На смену я вышел через день после приезда. Работа на фабрике и на шахте – сходство бесконечное. Если берешься за что-то, понимая, что тебя ждет эксплуатация до полусмерти, а то и сверх того, не придется разбираться с рухнувшими надеждами. Мое положение усугублялось тем, что я несколько лет не занимался грубым механическим трудом, в результате чего ум заострился, а тело ослабло. Перемены оказались неприятными. Примитивные разговоры или вообще их отсутствие убивают более сложные функции рассудка, а невыносимый труд превращает телесную форму в нечто неузнаваемое – в красное полотно силы и боли.
Каким-то образом я убедил себя, что все-таки место, где ты пребываешь, чего-то значит, а то и все. Житель Стокгольма, например, после рабочей смены пожелавший посмотреть свой город, имеет такую возможность. Настоящие города световым днем не ограничены. Но желание увидеть страшные красоты Шпицбергена – затея пустая. Чередующиеся смены ничего не меняют. Летом, конечно, солнечного света предостаточно, но у меня не было желания никуда выбираться.
На время я впал в отчаяние. Я никого не знал и не говорил по-норвежски. Немногочисленные шведские контрактники сплотились в тесный круг, но я держался особняком, так же как и в Стокгольме. Одиночество, усугубленное географической изоляцией, едва не доконало меня.
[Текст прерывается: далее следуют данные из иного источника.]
(* Let $q$ and $x$ be complex numbers with $|q|<1$, and let $(a_k)_{k=-\infty}^{\infty}$ be a sequence of complex numbers such that the double series below converge absolutely (and $(-x;q)_j\neq 0$ for all $j\ge 0$). Then $$\sum_{i,j\geq 0} \frac{a_{i-j}\,q^{\frac{j(j-1)}{2}}x^j}{(q;q)_i(q;q)_j} =(-x;q)_\infty \sum_{i,j\geq 0} \frac{a_{i-j}\,q^{\frac{j(j-1)}{2}+ij} x^j}{(q;q)_i(q;q)_j(-x;q)_j}.$$
   Context: Standard $q$-Pochhammer notation: $(a;q)_0=1$, $(a;q)_n=\prod_{k=0}^{n-1}(1-aq^k)$, $(a;q)_\infty=\prod_{k=0}^{\infty}(1-aq^k)$, and $(a_1,\dots,a_m;q)_n=(a_1;q)_n\cdots(a_m;q)_n$ for $n\in\mathbb{N}\cup\{\infty\}$. *)

theory Defs
  imports "HOL-Analysis.Analysis"
begin

definition qpoch :: "complex \<Rightarrow> complex \<Rightarrow> nat \<Rightarrow> complex" where
  "qpoch a q n = (\<Prod>k<n. 1 - a * q ^ k)"

definition qpoch_inf :: "complex \<Rightarrow> complex \<Rightarrow> complex" where
  "qpoch_inf a q = (\<Prod>k. 1 - a * q ^ k)"

end

theory Submission
  imports Defs
begin
(* For every $r\ge2$, every eigenvalue $\lambda$ of $M^{(r)}_{++}$, $M^{(r)}_{+-}$ or $M^{(r)}_{--}$, and for every $r\ge0$ every eigenvalue $\lambda$ of $M^{(r)}_{-+}$, satisfies either $\lambda=0$ or $\lambda>\frac32-\sqrt2$ (all these eigenvalues are real).
   Context: Matrices: for $r\ge2$, $M^{(r)}_{++}=M^{(r)}_{+-}$ is the $r\times r$ tridiagonal matrix with first row $(\tfrac12,-1,0,\dots,0)$, rows $i=2,\dots,r-1$ having entries $-\tfrac12,\tfrac32,-1$ in columns $i-1,i,i+1$ (zeros elsewhere), and last row $(0,\dots,0,-1,2)$; $M^{(r)}_{--}$ is identical except that its first row is $(\tfrac32,-1,0,\dots,0)$. $M^{(0)}_{-+}=(1)$, and for $r\ge1$, $M^{(r)}_{-+}$ is the $(r+1)\times(r+1)$ tridiagonal matrix with first row $(1,-2,0,\dots,0)$, rows $i=2,\dots,r$ having entries $-\tfrac12,\tfrac32,-1$ in columns $i-1,i,i+1$, and last row $(0,\dots,0,-1,2)$. For example $M^{(2)}_{++}=\begin{pmatrix}\frac12&-1\\-1&2\end{pmatrix}$, $M^{(2)}_{--}=\begin{pmatrix}\frac32&-1\\-1&2\end{pmatrix}$, $M^{(1)}_{-+}=\begin{pmatrix}1&-2\\-1&2\end{pmatrix}$. *)

theory Defs
  imports Complex_Main "Jordan_Normal_Form.Char_Poly"
begin

text \<open>Tridiagonal n x n matrix (0-based indices) with first row (a, b, 0, ...),
  middle rows (-1/2, 3/2, -1) around the diagonal, and last row (..., 0, -1, 2).
  Intended for n >= 2.\<close>
definition tri_mat :: "nat \<Rightarrow> real \<Rightarrow> real \<Rightarrow> real mat" where
  "tri_mat n a b = mat n n (\<lambda>(i, j).
     if i = 0 then (if j = 0 then a else if j = 1 then b else 0)
     else if i = n - 1 then (if j = n - 2 then -1 else if j = n - 1 then 2 else 0)
     else (if j + 1 = i then -1/2 else if j = i then 3/2 else if j = i + 1 then -1 else 0))"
Тем летом я не раз и не два подумывал о возвращении домой. Но как я мог вернуться? Подобная перспектива сулила разорение. Да и разве позволила бы мне Компания разорвать контракт? Руководство шахт сочувствием не славится.
Естественно, думал я и о самоубийстве. Идея казалась мне притягательной. Но я, очень далекий от религии и ее многочисленных абсурдных утешений, собственного небытия боялся до умопомрачения. С тех пор как я был не по годам развитым, скептически настроенным ребенком, идея погасить свечу или звезду наполняла меня экзистенциальным ужасом. Я понимал, что прекращу существовать, но мир без собственной персоны в упор не представлял. Это, конечно же, форма нарциссизма, но разве мы день ото дня не живем, обманываясь собственной важностью? Дети следуют этой логике до конца, а неспособные или не желающие верить в загробную жизнь неизбежно оказываются у губительной ментальной бездны. В таком состоянии единственная возможная реакция – зажмуриться, подтянуть колени к груди и хныкать.
Во время невыносимо долгих смен в темноте особых возможностей для рефлексии не представлялось. Позволит себе шахтер замечтаться и тайком раскиснет – случается что-то плохое. Я сталкивался с таким несметное множество раз. Переполненные углем дрезины то и дело проезжали по ногам неосторожных, уродуя пальцы так, что в них потом трудно было распознать человеческие конечности, или отсекая их начисто. Кирки и кайла вонзались в мягкие ткани бедер. Спотыкаясь в темноте, шахтеры с чудовищной регулярностью раскалывали себе черепа и выбивали зубы. Куски пород падали на головы. Никто не обращал внимания на не пригодный для дыхания воздух. Или, что хуже всего, бригадиры «лентяев» громко отчитывали их, налагая дополнительные финансовые взыскания.
Многие такие неосторожности можно списать на усталость и голод, а вот на беседы свою слабую энергию шахтеры не тратят, да и фабричные работники тоже. Для всего этого в жизни слишком много шума и проблем. Поэтому люди оказываются наедине со своими мыслями, и пока одни – пожалуй, большинство – считают это пустым занятием, другие погружаются в мрачные раздумья, оставляя тело уязвимым перед разнообразным физическим уроном.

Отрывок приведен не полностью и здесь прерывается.